Judge of the Customary Court of Appeal, Ogun State
- Incumbent
- Assumed office 21 December 2021
- Appointed by: Dapo Abiodun

Personal details
- Born: December 22, 1962 (age 63) Ibadan, Oyo State, Nigeria
- Alma mater: Obafemi Awolowo University (B.A.), Olabisi Onabanjo University (LL.B.)
- Occupation: Jurist
- Profession: Judge

= Olukemi Folasade Osisanya =

Nigerian jurist

Olukemi Folasade Osisanya (born 22 December 1962) is a Nigerian jurist who serves as a Judge of the Customary Court of Appeal, Ogun State. She was appointed to the bench on 21 December 2021 by Governor Dapo Abiodun.

== Background ==
Osisanya was born on 22 December 1962 in Ibadan, Oyo State. She is from Orile-Imo in the Obafemi Owode Local Government Area of Ogun State.
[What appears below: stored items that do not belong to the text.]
lemma ratio_const_on_paths:
  fixes M :: "real^'n^'n"
  assumes symm: "transpose M = M" and eig: "M *v f = l *\<^sub>R f"
    and g: "g \<in> ratio_space f (walk_rel (W_walk M f) f)" and geig: "M *v g = l *\<^sub>R g"
    and edges: "\<And>x y. f $ x \<noteq> 0 \<Longrightarrow> f $ y \<noteq> 0 \<Longrightarrow> adj M x y \<Longrightarrow> g $ x / f $ x = g $ y / f $ y"
    and path: "(adj M)\<^sup>*\<^sup>* x v" and nz: "f $ x \<noteq> 0" "f $ v \<noteq> 0"
  shows "g $ x / f $ x = g $ v / f $ v"
proof -
  define A where "A y = g $ y / f $ y" for y
  define reached where "reached v \<longleftrightarrow> (if f $ v \<noteq> 0 then A v = A x
      else \<exists>u zs. f $ u \<noteq> 0 \<and> A u = A x \<and> is_walk M (u # zs @ [v]) \<and> (\<forall>z\<in>set zs. f $ z = 0))"
    for v
  have "reached v" using path
  proof (induction rule: rtranclp_induct)
    case base
    then show ?case using nz(1) by (simp add: reached_def)
  next
    case (step v w)
    show ?case
    proof (cases "f $ v = 0")
      case False
      then show ?thesis
        using step edges[OF False _ step(2)]
        by (auto simp: reached_def A_def is_walk_def less_Suc_eq intro!: exI[of _ v] exI[of _ "[]"])
    next
      case True
      then obtain u zs where u: "f $ u \<noteq> 0" "A u = A x" "is_walk M (u # zs @ [v])"
        "\<forall>z\<in>set zs. f $ z = 0"
        using step.IH by (auto simp: reached_def)
      have walk: "is_walk M (u # (zs @ [v]) @ [w])"
        using is_walk_snoc[OF u(3)] step(2) by simp
      show ?thesis
      proof (cases "f $ w = 0")
        case True
        then show ?thesis
          using u walk \<open>f $ v = 0\<close>
          by (auto simp: reached_def intro!: exI[of _ u] exI[of _ "zs @ [v]"])
      next
        case False
        then show ?thesis
          using ratio_eq_across_zero_run[OF symm eig g geig walk _ _ u(1) False] u \<open>f $ v = 0\<close>
          by (simp add: reached_def A_def)
      qed
    qed
  qed
  then show ?thesis using nz by (simp add: reached_def A_def)
qed

section \<open>Bounds on the nodal counts\<close>

lemma strong_nodal_count_bound:
  fixes M :: "real^'n^'n"
  assumes symm: "transpose M = M" and eig: "M *v f = l *\<^sub>R f"
    and U: "subspace U" "\<And>g. g \<in> U \<Longrightarrow> g \<noteq> 0 \<Longrightarrow> 0 < quad_form M l g"
  shows "strong_nodal_count M f + dim U \<le> CARD('n)"
proof -
  define S where "S = ratio_space f (walk_rel (S_walk M f) f)"
  have "strong_nodal_count M f \<le> dim S"
    unfolding strong_nodal_count_def S_def
    by (rule card_quotient_le_dim_ratio_space[OF equiv_S_walk_rel[OF symm]])
  moreover have "dim S + dim U \<le> CARD('n) + dim (S \<inter> U)"
    using dim_add_le_dim_Int[OF subspace_ratio_space U(1), of f "walk_rel (S_walk M f) f"]
    by (simp add: S_def)
  moreover have "S \<inter> U \<subseteq> {0}"
    using quad_form_nonpos_ratio_space[OF symm eig positive_edge_S_walk_rel] U(2)
    by (force simp: S_def)
  then have "dim (S \<inter> U) = 0" by (simp only: dim_eq_0)
  ultimately show ?thesis by linarith
qed

lemma weak_nodal_count_bound:
  fixes M :: "real^'n^'n"
  assumes symm: "transpose M = M" and eig: "M *v f = l *\<^sub>R f"
    and U: "subspace U" "\<And>g. g \<in> U \<Longrightarrow> 0 \<le> quad_form M l g"
      "\<And>g. g \<in> U \<Longrightarrow> quad_form M l g = 0 \<Longrightarrow> M *v g = l *\<^sub>R g"
  shows "weak_nodal_count M f + dim U \<le> CARD('n) + num_components M"
proof -
  define R where "R = walk_rel (W_walk M f) f"
  define W where "W = ratio_space f R"
  define C where "C = {(x, y). (adj M)\<^sup>*\<^sup>* x y}"
  have "weak_nodal_count M f \<le> dim W"
    unfolding weak_nodal_count_def W_def R_def
    by (rule card_quotient_le_dim_ratio_space[OF equiv_W_walk_rel[OF symm]])
  moreover have "W \<inter> U \<subseteq> ratio_space f C"
  proof
    fix g assume g: "g \<in> W \<inter> U"
    have R: "\<And>x y. adj M x y \<Longrightarrow> 0 < f $ x * sgn_edge M x y * f $ y \<Longrightarrow> (x, y) \<in> R"
      unfolding R_def by (rule positive_edge_W_walk_rel)
    have Q: "quad_form M l g = 0"
      using quad_form_nonpos_ratio_space[OF symm eig R, of g] U(2)[of g] g by (simp add: W_def)
    have "g $ x / f $ x = g $ y / f $ y"
      if "f $ x \<noteq> 0" "f $ y \<noteq> 0" "(adj M)\<^sup>*\<^sup>* x y" for x y
      using ratio_const_on_paths[OF symm eig _ U(3)[OF _ Q]] that g
        ratio_eq_on_edges_if_quad_form_zero[OF symm eig R _ Q]
      by (simp add: W_def R_def)
    moreover have vanish: "g $ x = 0" if "f $ x = 0" for x
      using ratio_space_vanishes[of g f R] g that by (simp add: W_def)
    ultimately have "g $ x * f $ y = g $ y * f $ x" if "(adj M)\<^sup>*\<^sup>* x y" for x y
      using that by (cases "f $ x = 0 \<or> f $ y = 0") (auto simp: field_simps)
    then show "g \<in> ratio_space f C" using vanish by (auto simp: ratio_space_def C_def)
  qed
  then have "dim (W \<inter> U) \<le> dim (ratio_space f C)" by (rule dim_subset)
  moreover have "dim (ratio_space f C) \<le> num_components M"
    unfolding num_components_def C_def
    by (rule dim_ratio_space_le_card_quotient[OF equiv_connected[OF symm]])
  moreover have "dim W + dim U \<le> CARD('n) + dim (W \<inter> U)"
    using dim_add_le_dim_Int[OF subspace_ratio_space U(1), of f R] by (simp add: W_def)
  ultimately show ?thesis by linarith
qed

lemma strong_nodal_count_bound_minimal_support:
  fixes M :: "real^'n^'n"
  assumes symm: "transpose M = M" and eig: "M *v f = l *\<^sub>R f" and "f \<noteq> 0"
    and minimal: "minimal_support M l f"
    and U: "subspace U" "\<And>g. g \<in> U \<Longrightarrow> 0 \<le> quad_form M l g"
      "\<And>g. g \<in> U \<Longrightarrow> quad_form M l g = 0 \<Longrightarrow> M *v g = l *\<^sub>R g"
  shows "strong_nodal_count M f + dim U \<le> CARD('n) + 1"
proof (rule ccontr)
  define S where "S = ratio_space f (walk_rel (S_walk M f) f)"
  assume "\<not> ?thesis"
  moreover have "strong_nodal_count M f \<le> dim S"
    unfolding strong_nodal_count_def S_def
    by (rule card_quotient_le_dim_ratio_space[OF equiv_S_walk_rel[OF symm]])
  moreover have "dim S + dim U \<le> CARD('n) + dim (S \<inter> U)"
    using dim_add_le_dim_Int[OF subspace_ratio_space U(1), of f "walk_rel (S_walk M f) f"]
    by (simp add: S_def)
  ultimately have "2 \<le> dim (S \<inter> U)" by linarith
  obtain x where x: "f $ x \<noteq> 0" using \<open>f \<noteq> 0\<close> by (metis vec_eq_iff zero_index)
  obtain h where h: "h \<in> S" "h \<in> U" "h \<noteq> 0" "h $ x = 0"
    using exists_nonzero_vanishing_at[OF _ \<open>2 \<le> dim (S \<inter> U)\<close>]
      subspace_inter[OF subspace_ratio_space U(1)] unfolding S_def by blast
  have "quad_form M l h = 0"
    using quad_form_nonpos_ratio_space[OF symm eig positive_edge_S_walk_rel h(1)[unfolded S_def]]
      U(2)[OF h(2)] by simp
  then have "M *v h = l *\<^sub>R h" using U(3) h(2) by blast
  moreover have "supp h \<subseteq> supp f"
    using ratio_space_vanishes[of h f] h(1) by (auto simp: S_def supp_def)
  ultimately have "supp h = supp f" using minimal h(3) by (simp add: minimal_support_def)
  then show False using x h(4) by (auto simp: supp_def)
qed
She obtained her Higher School Certificate from Federal Government Girls College, Sagamu. In 1984, she earned a Bachelor of Arts degree in English from the University of Ife (now Obafemi Awolowo University). She later studied law at Ogun State University, where she obtained an LL.B. She was called to the Nigerian Bar in 1990.

== Judicial career ==
Osisanya began her legal career as Company/Legal Secretary for Vanguard Security Company before joining Lawson Thomas and Colleagues. She also worked at the chambers of Oloruntoba Mamora & Co in Ijebu Ode as a Counsel.

She established her own firm, Kemi Osisanya & Co, where she served as Principal Partner until her appointment to the bench. On 21 December 2021, she was sworn in as a Judge of the Customary Court of Appeal, Ogun State.